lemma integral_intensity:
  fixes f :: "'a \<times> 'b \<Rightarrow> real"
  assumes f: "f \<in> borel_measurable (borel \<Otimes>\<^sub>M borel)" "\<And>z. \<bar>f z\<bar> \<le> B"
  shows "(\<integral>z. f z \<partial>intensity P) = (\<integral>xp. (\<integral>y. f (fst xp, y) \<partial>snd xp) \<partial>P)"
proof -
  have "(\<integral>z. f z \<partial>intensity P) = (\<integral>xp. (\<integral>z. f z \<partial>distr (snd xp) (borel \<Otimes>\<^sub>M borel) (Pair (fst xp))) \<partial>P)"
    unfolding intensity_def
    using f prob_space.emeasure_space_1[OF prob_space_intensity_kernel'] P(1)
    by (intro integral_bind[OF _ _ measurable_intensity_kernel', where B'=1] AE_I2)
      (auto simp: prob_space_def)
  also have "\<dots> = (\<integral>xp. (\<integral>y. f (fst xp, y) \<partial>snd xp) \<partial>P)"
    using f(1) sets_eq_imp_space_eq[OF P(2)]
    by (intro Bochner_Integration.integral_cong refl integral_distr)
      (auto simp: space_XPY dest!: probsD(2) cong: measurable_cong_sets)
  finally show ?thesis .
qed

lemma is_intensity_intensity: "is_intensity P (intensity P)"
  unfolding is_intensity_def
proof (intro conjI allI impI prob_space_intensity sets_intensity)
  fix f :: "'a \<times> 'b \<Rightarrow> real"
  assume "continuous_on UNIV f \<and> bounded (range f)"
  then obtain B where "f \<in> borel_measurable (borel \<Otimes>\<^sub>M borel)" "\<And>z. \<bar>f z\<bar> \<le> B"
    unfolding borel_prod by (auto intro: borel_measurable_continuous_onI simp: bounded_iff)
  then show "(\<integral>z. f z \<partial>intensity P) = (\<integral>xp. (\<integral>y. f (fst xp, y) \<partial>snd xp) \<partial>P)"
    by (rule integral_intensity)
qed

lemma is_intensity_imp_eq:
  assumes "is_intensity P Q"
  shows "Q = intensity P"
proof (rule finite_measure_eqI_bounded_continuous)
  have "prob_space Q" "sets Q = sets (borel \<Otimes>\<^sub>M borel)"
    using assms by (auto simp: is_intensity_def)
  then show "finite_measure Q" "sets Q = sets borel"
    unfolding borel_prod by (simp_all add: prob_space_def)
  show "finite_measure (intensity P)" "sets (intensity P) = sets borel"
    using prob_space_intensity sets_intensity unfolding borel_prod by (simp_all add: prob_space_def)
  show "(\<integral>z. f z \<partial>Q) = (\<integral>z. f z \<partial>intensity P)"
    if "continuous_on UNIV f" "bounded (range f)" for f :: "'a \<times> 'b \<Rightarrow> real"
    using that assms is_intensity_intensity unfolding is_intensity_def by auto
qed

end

----

Going through the records above, state how many lines include the word "unfolding", and give no other text.

6